As always, you can directly jump for checking TL;DR first.
1. What’s inside the *.tissue.gef
?
Let’s first explore the resulted <SN>.tissue.gef
in Python:
import h5py
import numpy as np
def explore_gef(h5file):
def visitor(name, obj):
if isinstance(obj, h5py.Dataset):
print(f"{name}: shape={obj.shape}, dtype={obj.dtype}")
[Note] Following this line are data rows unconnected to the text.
lemma norm_affine_sq_diff_opposite_slopes:
  fixes \<alpha> :: complex and a b a' :: real
  assumes "b \<noteq> 0"
  shows "(cmod (of_real a + of_real b * \<alpha>))\<^sup>2 - (cmod (of_real a' + of_real (- b) * \<alpha>))\<^sup>2
           = 2 * (b * (a + a')) * (Re \<alpha> - (a' - a) / (2 * b))"
  unfolding norm_affine_sq_diff using assms by (simp add: power2_eq_square field_simps)

theorem proposition3p5:
  fixes n k :: nat and A B :: "nat \<Rightarrow> real" and \<alpha> :: complex
    and AA BB A' B' c r :: real
  assumes "n \<ge> 1" and "k \<ge> 1"
    and "coef A B \<alpha> k \<noteq> 0"
    and "1 + (\<Sum>j = 1..k. coef A B \<alpha> j) \<noteq> 0"
    and "AA = real (n + k) + (\<Sum>j = 1..k. (real n + real k - 2 * real j) * A j)"
    and "BB = (\<Sum>j = 1..k. (real n + real k - 2 * real j) * B j)"
    and "A' = 1 + (\<Sum>j = 1..k. A j)"
    and "B' = (\<Sum>j = 1..k. B j)"
    and "c = (AA * BB - A' * B') / (BB\<^sup>2 - B'\<^sup>2)"
    and "r = (A' * BB - AA * B') / (BB\<^sup>2 - B'\<^sup>2)"
  shows
    "Omap n k A B \<alpha> 1 = 1
     \<and> (BB\<^sup>2 - B'\<^sup>2 \<noteq> 0 \<longrightarrow>
          (cmod (\<alpha> + complex_of_real c) = \<bar>r\<bar> \<longrightarrow> indifferent_fp (Omap n k A B \<alpha>) 1)
        \<and> (BB\<^sup>2 - B'\<^sup>2 > 0 \<and> cmod (\<alpha> + complex_of_real c) < \<bar>r\<bar> \<longrightarrow> attracting_fp (Omap n k A B \<alpha>) 1)
        \<and> (BB\<^sup>2 - B'\<^sup>2 < 0 \<and> cmod (\<alpha> + complex_of_real c) > \<bar>r\<bar> \<longrightarrow> attracting_fp (Omap n k A B \<alpha>) 1)
        \<and> (BB\<^sup>2 - B'\<^sup>2 > 0 \<and> cmod (\<alpha> + complex_of_real c) > \<bar>r\<bar> \<longrightarrow> repelling_fp (Omap n k A B \<alpha>) 1)
        \<and> (BB\<^sup>2 - B'\<^sup>2 < 0 \<and> cmod (\<alpha> + complex_of_real c) < \<bar>r\<bar> \<longrightarrow> repelling_fp (Omap n k A B \<alpha>) 1))
     \<and> (BB = B' \<and> BB \<noteq> 0 \<longrightarrow>
          (AA = A' \<longrightarrow> indifferent_fp (Omap n k A B \<alpha>) 1)
        \<and> ((Re \<alpha> < - (AA + A') / (2 * BB) \<and> BB * (AA - A') > 0)
            \<or> (Re \<alpha> > - (AA + A') / (2 * BB) \<and> BB * (AA - A') < 0)
            \<longrightarrow> attracting_fp (Omap n k A B \<alpha>) 1)
        \<and> ((Re \<alpha> > - (AA + A') / (2 * BB) \<and> BB * (AA - A') > 0)
            \<or> (Re \<alpha> < - (AA + A') / (2 * BB) \<and> BB * (AA - A') < 0)
            \<longrightarrow> repelling_fp (Omap n k A B \<alpha>) 1))
     \<and> (BB = - B' \<and> BB \<noteq> 0 \<longrightarrow>
          (AA = - A' \<longrightarrow> indifferent_fp (Omap n k A B \<alpha>) 1)
        \<and> ((Re \<alpha> < (A' - AA) / (2 * BB) \<and> BB * (AA + A') > 0)
            \<or> (Re \<alpha> > (A' - AA) / (2 * BB) \<and> BB * (AA + A') < 0)
            \<longrightarrow> attracting_fp (Omap n k A B \<alpha>) 1)
        \<and> ((Re \<alpha> > (A' - AA) / (2 * BB) \<and> BB * (AA + A') > 0)
            \<or> (Re \<alpha> < (A' - AA) / (2 * BB) \<and> BB * (AA + A') < 0)
            \<longrightarrow> repelling_fp (Omap n k A B \<alpha>) 1))
     \<and> (BB = 0 \<and> B' = 0 \<longrightarrow>
          (\<bar>AA\<bar> = \<bar>A'\<bar> \<longrightarrow> indifferent_fp (Omap n k A B \<alpha>) 1)
        \<and> (\<bar>AA\<bar> < \<bar>A'\<bar> \<longrightarrow> attracting_fp (Omap n k A B \<alpha>) 1)
        \<and> (\<bar>AA\<bar> > \<bar>A'\<bar> \<longrightarrow> repelling_fp (Omap n k A B \<alpha>) 1))
     \<and> (BB \<noteq> 0 \<and> \<alpha> = complex_of_real (- AA / BB) \<longrightarrow> superattracting_fp (Omap n k A B \<alpha>) 1)"
proof -
  let ?f = "Omap n k A B \<alpha>"
  define N D where "N = of_real AA + of_real BB * \<alpha>" and "D = of_real A' + of_real B' * \<alpha>"
  let ?\<Delta> = "(cmod N)\<^sup>2 - (cmod D)\<^sup>2"
  have fixed: "?f 1 = 1"
    using assms(4) by (rule Omap_fixes_1)
  have "D \<noteq> 0"
    using assms(4) by (simp add: D_def assms(7,8) sum_coef add.assoc)
  have "multiplier ?f 1 = N / D"
    using multiplier_Omap_at_1[OF assms(4)] by (simp add: N_def D_def assms(5-8))
  note type = fixed_point_type_by_quotient_multiplier[OF fixed this \<open>D \<noteq> 0\<close>]
  have circle: "?\<Delta> = (BB\<^sup>2 - B'\<^sup>2) * ((cmod (\<alpha> + of_real c))\<^sup>2 - r\<^sup>2)" if "BB\<^sup>2 - B'\<^sup>2 \<noteq> 0"
    unfolding N_def D_def using that assms(9,10) by (rule norm_affine_sq_diff_circle)
  have equal: "?\<Delta> = 2 * (BB * (AA - A')) * (Re \<alpha> - - (AA + A') / (2 * BB))" if "BB = B'" "BB \<noteq> 0"
    unfolding N_def D_def using that norm_affine_sq_diff_equal_slopes by blast
  have opposite: "?\<Delta> = 2 * (BB * (AA + A')) * (Re \<alpha> - (A' - AA) / (2 * BB))" if "BB = - B'" "BB \<noteq> 0"
    unfolding N_def D_def using that norm_affine_sq_diff_opposite_slopes[of BB AA \<alpha> A'] by simp
  have flat: "?\<Delta> = \<bar>AA\<bar>\<^sup>2 - \<bar>A'\<bar>\<^sup>2" if "BB = 0" "B' = 0"
    unfolding N_def D_def norm_affine_sq_diff using that by simp
  have "superattracting_fp ?f 1" if "BB \<noteq> 0" "\<alpha> = of_real (- AA / BB)"
    unfolding type N_def using that by (simp add: field_simps)
  with fixed show ?thesis
    by (auto simp: type circle equal opposite flat mult_less_0_iff zero_less_mult_iff
          power2_strict_mono abs_le_square_iff)
qed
with h5py.File(h5file, 'r') as f:
f.visititems(visitor)
gef_file = "./<SN>.tissue.gef"
with h5py.File('./<SN>.tissue.gef', 'r') as f:
def visit(name):
print(name)
f.visit(visit)
Output:
contour
contour/tissueContour
geneExp
geneExp/bin1
geneExp/bin1/exon
geneExp/bin1/expression
geneExp/bin1/gene
geneExp/bin10
geneExp/bin10/exon
geneExp/bin10/expression
geneExp/bin10/gene
geneExp/bin100
geneExp/bin100/exon
geneExp/bin100/expression
geneExp/bin100/gene
geneExp/bin150
geneExp/bin150/exon
geneExp/bin150/expression
geneExp/bin150/gene
geneExp/bin20
geneExp/bin20/exon
geneExp/bin20/expression
geneExp/bin20/gene
geneExp/bin200
geneExp/bin200/exon
geneExp/bin200/expression
geneExp/bin200/gene
geneExp/bin5
geneExp/bin5/exon
geneExp/bin5/expression
geneExp/bin5/gene
geneExp/bin50
geneExp/bin50/exon
geneExp/bin50/expression
geneExp/bin50/gene
stat
stat/gene
wholeExp
wholeExp/bin1
wholeExp/bin10
wholeExp/bin100
wholeExp/bin150
wholeExp/bin20
wholeExp/bin200
wholeExp/bin5
wholeExp/bin50
wholeExpExon
wholeExpExon/bin1
wholeExpExon/bin10
wholeExpExon/bin100
wholeExpExon/bin150
wholeExpExon/bin20
wholeExpExon/bin200
wholeExpExon/bin5
wholeExpExon/bin50
Let’s check where <SN>.tissue.gef
file stores the XY coordinates continuous in Python:
explore_gef(gef_file)
Output:
contour/tissueContour: shape=(), dtype=object
geneExp/bin1/exon: shape=(116772117,), dtype=uint8
geneExp/bin1/expression: shape=(116772117,), dtype=[('x', '<i4'), ('y', '<i4'), ('count', 'u1')]
geneExp/bin1/gene: shape=(57584,), dtype=[('geneID', 'S64'), ('geneName', 'S64'), ('offset', '<u4'), ('count', '<u4')]
geneExp/bin10/exon: shape=(93972549,), dtype=uint16
geneExp/bin10/expression: shape=(93972549,), dtype=[('x', '<i4'), ('y', '<i4'), ('count', '<u2')]
geneExp/bin10/gene: shape=(57584,), dtype=[('geneID', 'S64'), ('geneName', 'S64'), ('offset', '<u4'), ('count', '<u4')]
geneExp/bin100/exon: shape=(32675685,), dtype=uint16
geneExp/bin100/expression: shape=(32675685,), dtype=[('x', '<i4'), ('y', '<i4'), ('count', '<u2')]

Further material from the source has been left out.